# Thyroid hormone transport (=uptake) assay

Different Endocrine Disruptor Chemicals (EDCs) were tested for inhibition of thyroid hormone uptake in three cell lines: H4, MO3.13 and SK-N-AS.

    Output raw data: counts per minute
    Machine: 2470 Automatic Gamma Counter (Perkin Elmer)
    Output (processed): percentage uptake compared to solvent control

![image.png](attachment:image.png) 


## Files

- [data/004640.csv](data/004640.csv): raw data
- [data/20240306_CP_TBBPA_BSP_NH3_IOP.xlsx](data/20240306_CP_TBBPA_BSP_NH3_IOP.xlsx): workbook used to process the raw data. The `uptake dd-mm` tab contains the formulas used to process this kind of data.
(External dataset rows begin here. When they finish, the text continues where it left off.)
(* Let $G$ be a subcubic planar graph of girth at least $9$ which cannot be decomposed into a linear forest and a matching, chosen with $|V(G)|+|E(G)|$ minimum among all such graphs. Then $G$ contains no two adjacent vertices of degree $2$.
   Context: A graph is subcubic if every vertex has degree at most $3$. The girth is the length of a shortest cycle ($\infty$ if acyclic). A linear forest is a graph each of whose components is a path. A decomposition of $G$ into a linear forest and a matching is a partition of $E(G)$ into the edge set of a linear forest and the edge set of a matching. *)

theory Defs
  imports "HOL-Analysis.Analysis"
begin

definition graph :: "'a set \<Rightarrow> 'a set set \<Rightarrow> bool" where
  "graph V E \<longleftrightarrow> finite V \<and> (\<forall>e\<in>E. \<exists>u v. e = {u, v} \<and> u \<noteq> v \<and> u \<in> V \<and> v \<in> V)"

definition degree :: "'a set set \<Rightarrow> 'a \<Rightarrow> nat" where
  "degree E v = card {e \<in> E. v \<in> e}"

definition subcubic :: "'a set \<Rightarrow> 'a set set \<Rightarrow> bool" where
  "subcubic V E \<longleftrightarrow> (\<forall>v\<in>V. degree E v \<le> 3)"

definition is_cycle :: "'a set \<Rightarrow> 'a set set \<Rightarrow> 'a list \<Rightarrow> bool" where
  "is_cycle V E vs \<longleftrightarrow> length vs \<ge> 3 \<and> distinct vs \<and> set vs \<subseteq> V \<and>
     (\<forall>i < length vs. {vs ! i, vs ! ((i + 1) mod length vs)} \<in> E)"

definition girth_at_least :: "'a set \<Rightarrow> 'a set set \<Rightarrow> nat \<Rightarrow> bool" where
  "girth_at_least V E k \<longleftrightarrow> (\<forall>vs. is_cycle V E vs \<longrightarrow> length vs \<ge> k)"

text \<open>A linear forest: a forest (no cycles) of maximum degree at most 2, i.e. every component is a path.\<close>
definition linear_forest :: "'a set \<Rightarrow> 'a set set \<Rightarrow> bool" where
  "linear_forest V F \<longleftrightarrow> (\<forall>vs. \<not> is_cycle V F vs) \<and> (\<forall>v\<in>V. degree F v \<le> 2)"

definition matching :: "'a set set \<Rightarrow> bool" where
  "matching M \<longleftrightarrow> (\<forall>e\<in>M. \<forall>e'\<in>M. e \<noteq> e' \<longrightarrow> e \<inter> e' = {})"

definition lf_matching_decomposable :: "'a set \<Rightarrow> 'a set set \<Rightarrow> bool" where
  "lf_matching_decomposable V E \<longleftrightarrow>
     (\<exists>F M. F \<union> M = E \<and> F \<inter> M = {} \<and> linear_forest V F \<and> matching M)"

text \<open>Planarity: a drawing in the plane (complex numbers = R^2) with distinct points for vertices
  and arcs for edges, each arc joining its endpoints, meeting no other vertex, and two arcs
  meeting only in common endpoints.\<close>
definition planar :: "'a set \<Rightarrow> 'a set set \<Rightarrow> bool" where
  "planar V E \<longleftrightarrow> (\<exists>(p :: 'a \<Rightarrow> complex) (\<gamma> :: 'a set \<Rightarrow> real \<Rightarrow> complex).
     inj_on p V \<and>
     (\<forall>e\<in>E. arc (\<gamma> e) \<and> {pathstart (\<gamma> e), pathfinish (\<gamma> e)} = p ` e \<and>
              path_image (\<gamma> e) \<inter> p ` V = p ` e) \<and>
     (\<forall>e\<in>E. \<forall>e'\<in>E. e \<noteq> e' \<longrightarrow> path_image (\<gamma> e) \<inter> path_image (\<gamma> e') \<subseteq> p ` (e \<inter> e')))"

definition bad_graph :: "'a set \<Rightarrow> 'a set set \<Rightarrow> bool" where
  "bad_graph V E \<longleftrightarrow> graph V E \<and> subcubic V E \<and> planar V E \<and> girth_at_least V E 9 \<and>
     \<not> lf_matching_decomposable V E"

end

theory Submission imports Defs begin

text \<open>Delete the edge \<open>uv\<close> between the two vertices of degree 2. Edge deletion keeps the graph
  subcubic, planar and of girth at least 9, so by minimality the smaller graph decomposes into a
  linear forest \<open>F\<close> and a matching \<open>M\<close>. If neither end of \<open>uv\<close> is covered by \<open>M\<close>, add \<open>uv\<close> to \<open>M\<close>.
  Otherwise add it to \<open>F\<close>: an end covered by \<open>M\<close> then has degree 1 in the new forest, and a
  cycle through \<open>uv\<close> would need degree 2 there, so no cycle arises.\<close>

lemma graph_edges_subset_Pow: "graph V E \<Longrightarrow> E \<subseteq> Pow V"
  unfolding graph_def by fastforce

lemma graph_finite_edges: "graph V E \<Longrightarrow> finite E"
  using graph_edges_subset_Pow unfolding graph_def by (metis finite_Pow_iff rev_finite_subset)

lemma degree_mono: "F \<subseteq> E \<Longrightarrow> finite E \<Longrightarrow> degree F v \<le> degree E v"
  unfolding degree_def by (rule card_mono) auto

lemma degree_Diff_incident:
  assumes "finite E" "e \<in> E" "w \<in> e"
  shows "degree (E - {e}) w = degree E w - 1"
proof -
  have "{x \<in> E - {e}. w \<in> x} = {x \<in> E. w \<in> x} - {e}" by blast
  then show ?thesis unfolding degree_def using assms by (simp add: card_Diff_singleton)
qed

lemma is_cycle_mono: "F \<subseteq> E \<Longrightarrow> is_cycle V F vs \<Longrightarrow> is_cycle V E vs"
  unfolding is_cycle_def by blast

lemma is_cycle_degree_ge_2:
  assumes "finite F" "is_cycle V F vs" "w \<in> set vs"
  shows "2 \<le> degree F w"
proof -
  let ?n = "length vs"
  have n3: "3 \<le> ?n" and dis: "distinct vs"
    and edge: "\<And>i. i < ?n \<Longrightarrow> {vs ! i, vs ! ((i + 1) mod ?n)} \<in> F"
    using assms(2) unfolding is_cycle_def by auto
  obtain i where i: "i < ?n" "vs ! i = w" using assms(3) by (meson in_set_conv_nth)
  define k where "k = (i + 1) mod ?n"
  define j where "j = (if i = 0 then ?n - 1 else i - 1)"
  have k: "k < ?n" unfolding k_def using i(1) by (intro mod_less_divisor) linarith
  have j: "j < ?n" "(j + 1) mod ?n = i" using i n3 unfolding j_def by auto
  have "k \<noteq> j" "k \<noteq> i" "j \<noteq> i"
    using i n3 unfolding k_def j_def by (auto simp: mod_Suc)
  then have "vs ! k \<noteq> vs ! j" "vs ! k \<noteq> w" "vs ! j \<noteq> w"
    using dis i k j by (auto simp: nth_eq_iff_index_eq)
  then have "card {{w, vs ! k}, {vs ! j, w}} = 2" by (auto simp: doubleton_eq_iff)
  moreover have "{{w, vs ! k}, {vs ! j, w}} \<subseteq> {e \<in> F. w \<in> e}"
    using edge[OF i(1)] edge[OF j(1)] i j unfolding k_def by auto
  then have "card {{w, vs ! k}, {vs ! j, w}} \<le> degree F w"
    unfolding degree_def using assms(1) by (intro card_mono) auto
  ultimately show ?thesis by simp
qed

lemma degree_image:
  assumes "inj_on f V" "E \<subseteq> Pow V" "v \<in> V"
  shows "degree ((`) f ` E) (f v) = degree E v"
proof -
  have "f v \<in> f ` e \<longleftrightarrow> v \<in> e" if "e \<in> E" for e
    using that assms by (intro inj_on_image_mem_iff) auto
  then have "{e' \<in> (`) f ` E. f v \<in> e'} = (`) f ` {e \<in> E. v \<in> e}" by auto
  moreover have "inj_on ((`) f) {e \<in> E. v \<in> e}"
    using assms(2) by (intro inj_on_subset[OF inj_on_image_Pow[OF assms(1)]]) auto
  ultimately show ?thesis unfolding degree_def by (simp add: card_image)
qed

lemma is_cycle_image:
  assumes "inj_on f V" "is_cycle V F vs"
  shows "is_cycle (f ` V) ((`) f ` F) (map f vs)"
proof -
  have vs: "3 \<le> length vs" "distinct vs" "set vs \<subseteq> V"
    and edge: "\<And>i. i < length vs \<Longrightarrow> {vs ! i, vs ! ((i + 1) mod length vs)} \<in> F"
    using assms(2) unfolding is_cycle_def by auto
  have "distinct (map f vs)"
    using vs inj_on_subset[OF assms(1)] by (simp add: distinct_map)
  moreover have "{map f vs ! i, map f vs ! ((i + 1) mod length vs)} \<in> (`) f ` F"
    if "i < length vs" for i
  proof -
    have "(i + 1) mod length vs < length vs" using that by (intro mod_less_divisor) linarith
    then have "{map f vs ! i, map f vs ! ((i + 1) mod length vs)}
        = f ` {vs ! i, vs ! ((i + 1) mod length vs)}"
      using that by simp
    then show ?thesis using edge[OF that] by blast
  qed
  ultimately show ?thesis using vs unfolding is_cycle_def by auto
qed

lemma inv_into_image_edges:
  assumes "inj_on f V" "E \<subseteq> Pow V"
  shows "(`) (inv_into V f) ` (`) f ` E = E"
proof -
  have "inv_into V f ` f ` e = e" if "e \<in> E" for e
    using that assms by (intro inv_into_image_cancel) auto
  then show ?thesis by (simp add: image_image)
qed

lemma is_cycle_inv_image:
  assumes "inj_on f V" "F \<subseteq> Pow V" "is_cycle (f ` V) ((`) f ` F) ws"
  shows "is_cycle V F (map (inv_into V f) ws)"
  using is_cycle_image[OF inj_on_inv_into[OF subset_refl] assms(3)] assms(1,2)
  by (simp add: inv_into_image_cancel inv_into_image_edges)

lemma graph_image:
  assumes "inj_on f V" "graph V E"
  shows "graph (f ` V) ((`) f ` E)"
  unfolding graph_def
proof (intro conjI ballI)
  show "finite (f ` V)" using assms(2) unfolding graph_def by simp
next
  fix e' assume "e' \<in> (`) f ` E"
  then obtain a b where "e' = {f a, f b}" "a \<noteq> b" "a \<in> V" "b \<in> V"
    using assms(2) unfolding graph_def by auto
  moreover have "f a \<noteq> f b" using calculation assms(1) by (meson inj_onD)
  ultimately show "\<exists>x y. e' = {x, y} \<and> x \<noteq> y \<and> x \<in> f ` V \<and> y \<in> f ` V" by blast
qed

lemma subcubic_image:
  assumes "inj_on f V" "E \<subseteq> Pow V" "subcubic V E"
  shows "subcubic (f ` V) ((`) f ` E)"
  using assms(3) degree_image[OF assms(1,2)] unfolding subcubic_def by auto

lemma girth_at_least_image:
  assumes "inj_on f V" "E \<subseteq> Pow V" "girth_at_least V E k"
  shows "girth_at_least (f ` V) ((`) f ` E) k"
  using assms is_cycle_inv_image unfolding girth_at_least_def by (metis length_map)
## Concept for the notebook: 
- Reproduce the `uptake dd-mm` sheet from the raw data file and necessary information
- In other words: **parse 2470 Automatic Gamma Counter (Perkin Elmer) output csv files and return desired output**
- To be turned into a package / package module

In [1]:
import pandas as pd
import numpy as np

In [2]:
columns = ["thyroid", "edcs", "Tracermix", "cpm 1 (raw)", "cpm 2 (raw)", "cpm average (raw)", "cpm 1 corrected", "cpm 2 corrected", "average cpm corrected", "%uptake 1 tov DMSO", "%uptake 2 tov DMSO", "avg %uptake", "std %uptake"]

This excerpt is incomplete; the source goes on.